Groups seeking an interactive experience have several great places to explore
While there is certainly nothing wrong with visiting a museum and idly enjoying the wonders in front of you, many smaller groups prefer to go a different route these days.
Interactive experiences are surging in popularity as the number of immersive exhibits have grown within museums across the country. Like virtually everyone, museums had a difficult 2020 as an American Alliance of Museums survey found on average, U.S.
museums lost 35 percent of their typical operating income in 2020 and expected to lose an additional 28 percent in 2021. In an effort to attract more attendees, museums are upping their creativity and are offering more virtual experiences to the public. Here are some museums offering interactive outings that will entertain as well as educate your group:
City Museum (St. Louis, Missouri)
Located in a 100-year-old warehouse in downtown St. Louis, City Museum’s exhibits consist mostly of repurposed architectural and industrial objects. While that may not sound like fun, City Museum, assuredly, was designed to give visitors a good time. City Museum contains an abundance of slides (there are reportedly 30 slides in the building ranging from a dragon slide to a rebar slide), including a massive 10-story slide.
It also houses a Ferris wheel, tunnels, bridges, castles, secret passages, playgrounds, a circus and a train. Naturally, since it is a museum, it contains an architecture hall, an art center and the cornerstone of any museum: the world’s largest pencil, which weighs 21,500 pounds (the eraser adds an extra 250 pounds) and is the equivalent of around 1,900,000 traditional pencils.
Exploratorium (San Francisco, California)
This public learning laboratory was founded from the belief everyone should learn about natural phenomena to better understand the world around them. According to the museum’s founders, experimentation inspires curiosity and understanding while stimulating new ideas.
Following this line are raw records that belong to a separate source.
lemma card_near_zero_multipliers_le_large:
  fixes n k s L l :: nat and u e :: int
  assumes "n = 2^k" "s < k" "odd u" and L: "L = 2^l" "l \<le> s"
    and e: "- int L \<le> 2 * e" "2 * e < int L"
  shows "card (near_zero_multipliers n L (2^s * u) e) \<le> L"
proof -
  let ?Y = "{y \<in> {- int L<..<int L}. [y - e = 2^s] (mod 2^(s+1))}"
  have L_le: "int L \<le> 2^s" using L by (simp add: power_increasing)
  have pm: "y - e = 2^s \<or> y - e = - (2^s)" if "y \<in> ?Y" for y
  proof -
    \<comment> \<open>\<open>y - e\<close> is an odd multiple of \<open>2\<^sup>s\<close> of absolute value below \<open>3L/2 \<le> 3 \<cdot> 2\<^sup>s/2\<close>.\<close>
    have "[2^s = y - e] (mod 2^(s+1))" using that by (simp add: cong_sym)
    then obtain q where "y - e = 2^s + 2^(s+1) * q" by (metis cong_iff_lin)
    moreover have "2 * \<bar>y - e\<bar> < 3 * int L" using that e by (auto simp: abs_if)
    then have "2 * \<bar>y - e\<bar> < 3 * 2^s" using L_le by linarith
    ultimately show ?thesis by (intro odd_multiple_eq_pm) (auto simp: algebra_simps)
  qed
  have "card (near_zero_multipliers n L (2^s * u) e)
      \<le> (\<Sum>y\<in>{- int L<..<int L}. 2^s * of_bool [y - e = 2^s] (mod 2^(s+1)))"
    by (rule card_near_zero_multipliers_le_sum[OF assms(1-3)])
  also have "\<dots> = 2^s * card ?Y"
    by (simp add: sum_distrib_left[symmetric] Int_def)
  also have "\<dots> \<le> L"
  proof (cases "?Y = {}")
    case True
    then show ?thesis by (simp only: card.empty)
  next
    case False
    then obtain y\<^sub>0 where "y\<^sub>0 \<in> ?Y" by blast
    then have "2 * 2^s < 3 * int L" using pm e by fastforce
    then have "(2::int)^s < 2 * int L" by linarith
    then have "(2::int)^s < 2^(l+1)" using L by simp
    then have "s \<le> l" using power_strict_increasing_iff[of "2::int" s "l+1"] by simp
    then have "2^s = L" using L by simp
    moreover have "card ?Y \<le> 1"
    proof -
      have "y = y'" if "y \<in> ?Y" "y' \<in> ?Y" for y y'
        using pm[OF that(1)] pm[OF that(2)] that \<open>2^s = L\<close> by auto
      moreover have "finite ?Y" by (rule finite_subset[of _ "{- int L<..<int L}"]) auto
      ultimately have "card ?Y \<le> Suc 0" using card_le_Suc0_iff_eq by blast
      then show ?thesis by simp
    qed
    ultimately show ?thesis by simp
  qed
  finally show ?thesis .
qed

lemma sum_card_near_zero_multipliers_le:
  fixes n k L l :: nat and D :: int
  assumes n: "n = 2^k" and L: "L = 2^l" and "D \<noteq> 0" "\<bar>D\<bar> < int n"
  shows "2 * (\<Sum>x<n. card (near_zero_multipliers n L D (centered_rem L x))) \<le> (2 * L + 1) * n"
proof -
  define s where "s = multiplicity 2 D"
  obtain u where D: "D = 2^s * u" and "odd u"
    using multiplicity_decompose'[of D 2] assms(3) unfolding s_def by auto
  have "u \<noteq> 0" using \<open>odd u\<close> by auto
  then have "(2::int)^s * 1 \<le> 2^s * \<bar>u\<bar>" by (intro mult_left_mono) auto
  then have "(2::int)^s \<le> \<bar>D\<bar>" using D by (simp add: abs_mult)
  moreover have "int n = 2^k" using n by simp
  ultimately have "(2::int)^s < 2^k" using assms(4) by linarith
  then have "s < k" by simp
  show ?thesis
  proof (cases "s < l")
    case True
    have "2 * (\<Sum>x<n. card (near_zero_multipliers n L D (centered_rem L x))) \<le> (2 * L - 1) * n"
      unfolding D by (rule sum_card_near_zero_multipliers_le_small[OF n L \<open>s < k\<close> True \<open>odd u\<close>])
    also have "\<dots> \<le> (2 * L + 1) * n" by (intro mult_right_mono) auto
    finally show ?thesis .
  next
    case False
    have "(\<Sum>x<n. card (near_zero_multipliers n L D (centered_rem L x))) \<le> (\<Sum>x<n. L)"
      unfolding D using L False
      by (intro sum_mono card_near_zero_multipliers_le_large[OF n \<open>s < k\<close> \<open>odd u\<close> L]
          centered_rem_bounds) auto
    then show ?thesis by (simp add: algebra_simps)
  qed
qed

lemma card_window_offsets_le:
  fixes n k B L \<sigma> f f' :: nat
  assumes n: "n = 2^k" and nBL: "n = B * L" and \<sigma>: "\<sigma> \<in> odd_res n"
  shows "card {b. b < n \<and> \<bar>zrep n (offset_o n B f \<sigma> b f')\<bar> < int L}
    \<le> card {x. x < n \<and> \<sigma> \<in> near_zero_multipliers n L (int f' - int f) (centered_rem L x)}"
proof -
  let ?g = "\<lambda>b. nat (perm_pi n \<sigma> b f)"
  let ?P = "\<lambda>x. \<sigma> \<in> near_zero_multipliers n L (int f' - int f) (centered_rem L x)"
  have "B * L > 0" using n nBL by simp
  then have "n > 0" "B > 0" "L > 0" using nBL by simp_all
  have "{b. b < n \<and> \<bar>zrep n (offset_o n B f \<sigma> b f')\<bar> < int L} \<subseteq> {b \<in> {..<n}. ?P (?g b)}"
  proof
    fix b assume "b \<in> {b. b < n \<and> \<bar>zrep n (offset_o n B f \<sigma> b f')\<bar> < int L}"
    then have "b < n" and window: "\<bar>zrep n (offset_o n B f \<sigma> b f')\<bar> < int L" by auto
    have "int (?g b) = perm_pi n \<sigma> b f" using \<open>n > 0\<close> by (simp add: perm_pi_def)
    then show "b \<in> {b \<in> {..<n}. ?P (?g b)}"
      using zrep_offset_cong[OF nBL \<open>B > 0\<close> \<open>L > 0\<close>, of f \<sigma> b f'] window \<sigma> \<open>b < n\<close>
      by (auto simp: near_zero_multipliers_def cong_sym_eq)
  qed
  then have "card {b. b < n \<and> \<bar>zrep n (offset_o n B f \<sigma> b f')\<bar> < int L}
      \<le> card {b \<in> {..<n}. ?P (?g b)}"
    by (intro card_mono) auto
  also have "\<dots> = card {x \<in> {..<n}. ?P x}"
  proof -
    have "coprime \<sigma> n" using n \<sigma> by (simp add: odd_res_def)
    then have "bij_betw ?g {..<n} {..<n}" using \<open>n > 0\<close> by (rule bij_betw_perm_pi)
    then show ?thesis by (rule bij_betw_same_card[OF bij_betw_Collect]) simp
  qed
  finally show ?thesis by simp
qed

lemma sum_card_window_offsets_le:
  fixes n k B j f f' :: nat
  assumes n: "n = 2^k" and B: "B = 2^j" "j \<le> k" and "f < n" "f' < n" "f \<noteq> f'"
  shows "2 * (\<Sum>\<sigma>\<in>odd_res n. card {b. b < n \<and> \<bar>zrep n (offset_o n B f \<sigma> b f')\<bar> < int (n div B)})
    \<le> (2 * (n div B) + 1) * n"
proof -
  define L where "L = n div B"
  have L: "L = 2^(k-j)" using n B by (simp add: L_def power_diff)
  have nBL: "n = B * L" using n B L by (simp flip: power_add)
  let ?near = "\<lambda>x. near_zero_multipliers n L (int f' - int f) (centered_rem L x)"
  have "(\<Sum>\<sigma>\<in>odd_res n. card {b. b < n \<and> \<bar>zrep n (offset_o n B f \<sigma> b f')\<bar> < int L})
      \<le> (\<Sum>\<sigma>\<in>odd_res n. card {x \<in> {..<n}. \<sigma> \<in> ?near x})"
    using card_window_offsets_le[OF n nBL] by (intro sum_mono) simp
  also have "\<dots> = (\<Sum>x<n. card (?near x))"
  proof (rule sum_multicount_gen)
    show "\<forall>x\<in>{..<n}. card {\<sigma> \<in> odd_res n. \<sigma> \<in> ?near x} = card (?near x)"
      by (auto simp: near_zero_multipliers_def intro: arg_cong[where f = card])
  qed (simp_all add: odd_res_def)
  finally have "2 * (\<Sum>\<sigma>\<in>odd_res n. card {b. b < n \<and> \<bar>zrep n (offset_o n B f \<sigma> b f')\<bar> < int L})
      \<le> 2 * (\<Sum>x<n. card (?near x))"
    by simp
  also have "\<dots> \<le> (2 * L + 1) * n"
    using assms(4-6) by (intro sum_card_near_zero_multipliers_le[OF n L]) auto
  finally show ?thesis unfolding L_def .
qed

section \<open>The exponential moment of the filter\<close>

lemma flat_filter_le_eps:
  assumes "flat_filter n B F G" "B > 0" "f < n" "real n / real B \<le> real_of_int \<bar>zrep n f\<bar>"
  shows "G f \<le> flat_eps F"
proof -
  have "0 < real n / real B" using assms(2,3) by simp
  then have "real n / (real B * real_of_int \<bar>zrep n f\<bar>) \<le> 1"
    using assms(2,4) by (simp add: divide_le_eq_1 field_simps)
  then have "(real n / (real B * real_of_int \<bar>zrep n f\<bar>)) ^ (F - 1) \<le> 1"
    by (intro power_le_one) auto
  moreover have "G f \<le> flat_eps F * (real n / (real B * real_of_int \<bar>zrep n f\<bar>)) ^ (F - 1)"
    using assms(1,3,4) unfolding flat_filter_def by blast
  moreover have "flat_eps F \<ge> 0" by (simp add: flat_eps_def)
  ultimately show ?thesis by (metis mult_left_mono mult.right_neutral order_trans)
qed

lemma exp_flat_filter_le:
  assumes "flat_filter n B F G" "B dvd n" "B > 0" "f < n" "lam \<ge> 0"
  shows "exp (lam * G f) \<le> exp (lam * flat_eps F)
    * (1 + (exp (lam * (1 - flat_eps F)) - 1) * of_bool (\<bar>zrep n f\<bar> < int (n div B)))"
proof (cases "\<bar>zrep n f\<bar> < int (n div B)")
  case True
  have "G f \<le> 1" using assms(1,4) by (simp add: flat_filter_def)
  then have "exp (lam * G f) \<le> exp (lam * 1)" using assms(5) by (simp add: mult_left_le)
  also have "\<dots> = exp (lam * flat_eps F) * exp (lam * (1 - flat_eps F))"
    by (simp add: algebra_simps flip: exp_add)
  finally show ?thesis using True by simp
next
  case False
  then have "real (n div B) \<le> real_of_int \<bar>zrep n f\<bar>"
    by (metis linorder_not_le of_int_le_iff of_int_of_nat_eq)
  then have "real n / real B \<le> real_of_int \<bar>zrep n f\<bar>"
    using assms(2) by (simp add: real_of_nat_div)
  then have "G f \<le> flat_eps F" by (rule flat_filter_le_eps[OF assms(1,3,4)])
  then show ?thesis using False assms(5) by (simp add: mult_left_mono)
qed

lemma Mfun_pos:
  assumes "lam \<ge> 0"
  shows "Mfun n B F lam > 0"
proof -
  have "flat_eps F \<le> 1" by (simp add: flat_eps_def power_le_one)
  then have "1 \<le> exp (lam * (1 - flat_eps F))" using assms by simp
  then show ?thesis by (simp add: Mfun_def add_nonneg_pos)
qed

lemma sum_exp_flat_filter_le:
  fixes n k B j f f' :: nat
  assumes n: "n = 2^k" and B: "B = 2^j" "0 < j" "j \<le> k"
    and G: "flat_filter n B F G" and "f < n" "f' < n" "f \<noteq> f'" and "lam \<ge> 0"
  shows "(\<Sum>\<sigma>\<in>odd_res n. \<Sum>b<n. exp (lam * G (offset_o n B f \<sigma> b f')))
    \<le> real (card (odd_res n)) * real n * Mfun n B F lam"
proof -
  define E where "E = exp (lam * flat_eps F)"
  define X where "X = exp (lam * (1 - flat_eps F))"
  define c where "c = real (card (odd_res n))"
  define N where
    "N = (\<Sum>\<sigma>\<in>odd_res n. card {b. b < n \<and> \<bar>zrep n (offset_o n B f \<sigma> b f')\<bar> < int (n div B)})"
  have "B dvd n" using B n by (simp add: le_imp_power_dvd)
  have "1 \<le> X" unfolding X_def using \<open>lam \<ge> 0\<close> by (simp add: flat_eps_def power_le_one)
  have "E > 0" by (simp add: E_def)
  have N_le: "real N \<le> (2 / real B + 1 / real n) * c * real n"
  proof -
    have count: "real (2 * N) \<le> real ((2 * (n div B) + 1) * n)"
      unfolding N_def of_nat_le_iff by (rule sum_card_window_offsets_le[OF n B(1,3) assms(6-8)])
    have c_eq: "c = real n / 2"
      using n B unfolding c_def by (cases k) (simp_all add: card_odd_res)
    have "(2 / real B + 1 / real n) * c * real n = real (n div B) * real n + real n / 2"
      unfolding c_eq using n B(1) \<open>B dvd n\<close> by (simp add: real_of_nat_div field_simps)
    then show ?thesis using count by simp
  qed
  have "(\<Sum>\<sigma>\<in>odd_res n. \<Sum>b<n. exp (lam * G (offset_o n B f \<sigma> b f')))
      \<le> (\<Sum>\<sigma>\<in>odd_res n. \<Sum>b<n.
            E * (1 + (X - 1) * of_bool (\<bar>zrep n (offset_o n B f \<sigma> b f')\<bar> < int (n div B))))"
    unfolding E_def X_def using n \<open>B dvd n\<close> B(1) assms(9)
    by (intro sum_mono exp_flat_filter_le[OF G]) (auto simp: offset_o_def nat_less_iff)
  also have "\<dots> = E * (\<Sum>\<sigma>\<in>odd_res n. real n + (X - 1)
      * real (card {b. b < n \<and> \<bar>zrep n (offset_o n B f \<sigma> b f')\<bar> < int (n div B)}))"
    by (simp add: sum_distrib_left[symmetric] sum.distrib Int_def)
  also have "\<dots> = E * (c * real n + (X - 1) * real N)"
    by (simp add: N_def c_def sum.distrib sum_distrib_left)
  also have "\<dots> \<le> E * (c * real n + (X - 1) * ((2 / real B + 1 / real n) * c * real n))"
    using N_le \<open>1 \<le> X\<close> \<open>E > 0\<close> by (intro mult_left_mono add_left_mono) auto
  also have "\<dots> = c * real n * Mfun n B F lam"
    unfolding Mfun_def E_def[symmetric] X_def[symmetric] using n by (simp add: field_simps)
  finally show ?thesis unfolding c_def .
qed

lemma h_r_snoc:
  assumes "length sb < d"
  shows "h_r n B F G d \<beta> lam f f' (sb @ [(\<sigma>, b)]) * Mfun n B F lam
    = h_r n B F G d \<beta> lam f f' sb * exp (lam * G (offset_o n B f \<sigma> b f'))"
proof -
  have "d - length sb = Suc (d - length (sb @ [(\<sigma>, b)]))" using assms by simp
  then show ?thesis by (simp add: h_r_def distrib_left exp_add ac_simps)
qed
In other words, the Exploratorium wants you to get active and start learning.
The museum contains more than 650 interactive exhibits and houses six indoor and outdoor galleries and hundreds of exhibits. Among the many compelling things you can do here include: dance with your shadow, levitate, touch a tornado, mix colors and break light apart, stop time, capture a wave and even listen to music through your teeth. Try doing those things anywhere else.
International Spy Museum (Washington, D.C.)
The only public museum in the United States dedicated solely to espionage, the International Spy Museum features interactive exhibitions and first-person accounts from top intelligence officers and experts.
The museum covers 140,000 square feet and teaches visitors the tricks and trades of spies, both historic and fictitious. Among the museum’s permanent exhibits are the Briefing Center, where guests receive a cover identity and test their spy skills throughout the museum; Stealing Secrets, where visitors get a closer look at hundreds of imaginative inventions used to steal secrets; and Making Sense of Secrets, where you can try your hand at cracking secret codes.
Museum of Illusions (Chicago, Illinois)
Located in downtown Chicago, the Museum of Illusions offers more than 80 mind-bending exhibits where visitors can experience the seemingly impossible. Among its many hallucinatory exhibits include the Infinity Room, a multisensory experience that creates the optical illusion of infinite space; the Clone Table, where you will meet five clones of yourself; the Vortex Tunnel, where your mind will tell you the ground is moving when it is actually flat and stable; and the Infinity Tunnel, where visitors can take a mysterious look into a bottomless
pit.chicago.museumofillusions.us
Otherworld Ohio (Columbus, Ohio)
This 32,000-square-foot immersive art installation in Columbus contains 47 rooms filled with large-scale interactive art, mixed reality playgrounds and secret passageways. Guests are encouraged to explore and interact with a world of science fiction and fantasy. Featuring the work of more than 40 artists, almost everything in Otherworld was built to be interacted with and each of the 47 rooms is designed to resemble a science-fiction fantasyland. In 2019, Time magazine ranked Otherworld as one of the World’s Coolest Places.
The World of Coca-Cola (Atlanta, Georgia)
The world’s most popular soda is the star of this 75,000-square-foot facility in downtown Atlanta. Opened in 2007, The World of Coca-Cola is home to numerous interactive displays, high-tech exhibits, video presentations and an art gallery. One of its more popular experiences is Taste It! where visitors can enjoy free samples of more than 60 soft drink products from around the world. You can also experience Scent Discovery, a new aromatic experience where your nose will be the guide. Here, a Coca-Cola ambassador will lead your group to guess the origin of a variety of scents. Your guide will also educate you on the anatomy of smell and help you determine which aroma profiles and Coca-Cola beverages may be your new favorites.